(Data)

theorem corollary2p2:
  fixes f :: "'a::metric_space \<Rightarrow> 'a"
    and A :: "'a \<Rightarrow> real^'d^'d"
    and \<alpha> c :: real
  assumes "compact (UNIV :: 'a set)"
    and "\<exists>g. homeomorphism UNIV UNIV f g"
    and "anosov_closing f"
    and "\<alpha> > 0" and "holder \<alpha> A"
    and "\<forall>p. periodic_point f p \<longrightarrow> (\<forall>L\<in>lyapunov_exponents f A p. L \<ge> ereal c)"
  shows "\<forall>\<mu>. prob_space \<mu> \<and> sets \<mu> = sets borel \<and> invariant_measure f \<mu> \<longrightarrow>
           (AE x in \<mu>. invertible (A x))"
proof (intro allI impI)
  fix \<mu> :: "'a measure"
  assume \<mu>: "prob_space \<mu> \<and> sets \<mu> = sets borel \<and> invariant_measure f \<mu>"
  obtain K where "K \<ge> 0"
    and holder_det: "\<And>x y. \<bar>\<bar>Determinants.det (A x)\<bar> - \<bar>Determinants.det (A y)\<bar>\<bar> \<le> K * dist x y powr \<alpha>"
    using holder_abs_det[OF assms(1,5,4)] by blast
  have "exp (real n * (real CARD('d) * c)) \<le> (\<Prod>j<n. \<bar>Determinants.det (A ((f ^^ j) p))\<bar>)"
    if "(f ^^ n) p = p" "n > 0" for p n
    using periodic_det_cocycle_ge[OF _ that] assms(6) that
    by (auto simp: periodic_point_def det_cocycle abs_prod)
  then have "AE x in \<mu>. \<bar>Determinants.det (A x)\<bar> \<noteq> 0"
    using AE_nonzero_of_periodic_products_ge[OF assms(1,3,4) \<open>K \<ge> 0\<close> holder_det abs_ge_zero] \<mu>
    by blast
  then show "AE x in \<mu>. invertible (A x)"
    by (simp add: invertible_det_nz)
qed

end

(End Data)

Task objective — Your task is to print the whole listing again exactly.

Exercise response —
theorem corollary2p2:
  fixes f :: "'a::metric_space \<Rightarrow> 'a"
    and A :: "'a \<Rightarrow> real^'d^'d"
    and \<alpha> c :: real
  assumes "compact (UNIV :: 'a set)"
    and "\<exists>g. homeomorphism UNIV UNIV f g"
    and "anosov_closing f"
    and "\<alpha> > 0" and "holder \<alpha> A"
    and "\<forall>p. periodic_point f p \<longrightarrow> (\<forall>L\<in>lyapunov_exponents f A p. L \<ge> ereal c)"
  shows "\<forall>\<mu>. prob_space \<mu> \<and> sets \<mu> = sets borel \<and> invariant_measure f \<mu> \<longrightarrow>
           (AE x in \<mu>. invertible (A x))"
proof (intro allI impI)
  fix \<mu> :: "'a measure"
  assume \<mu>: "prob_space \<mu> \<and> sets \<mu> = sets borel \<and> invariant_measure f \<mu>"
  obtain K where "K \<ge> 0"
    and holder_det: "\<And>x y. \<bar>\<bar>Determinants.det (A x)\<bar> - \<bar>Determinants.det (A y)\<bar>\<bar> \<le> K * dist x y powr \<alpha>"
    using holder_abs_det[OF assms(1,5,4)] by blast
  have "exp (real n * (real CARD('d) * c)) \<le> (\<Prod>j<n. \<bar>Determinants.det (A ((f ^^ j) p))\<bar>)"
    if "(f ^^ n) p = p" "n > 0" for p n
    using periodic_det_cocycle_ge[OF _ that] assms(6) that
    by (auto simp: periodic_point_def det_cocycle abs_prod)
  then have "AE x in \<mu>. \<bar>Determinants.det (A x)\<bar> \<noteq> 0"
    using AE_nonzero_of_periodic_products_ge[OF assms(1,3,4) \<open>K \<ge> 0\<close> holder_det abs_ge_zero] \<mu>
    by blast
  then show "AE x in \<mu>. invertible (A x)"
    by (simp add: invertible_det_nz)
qed

end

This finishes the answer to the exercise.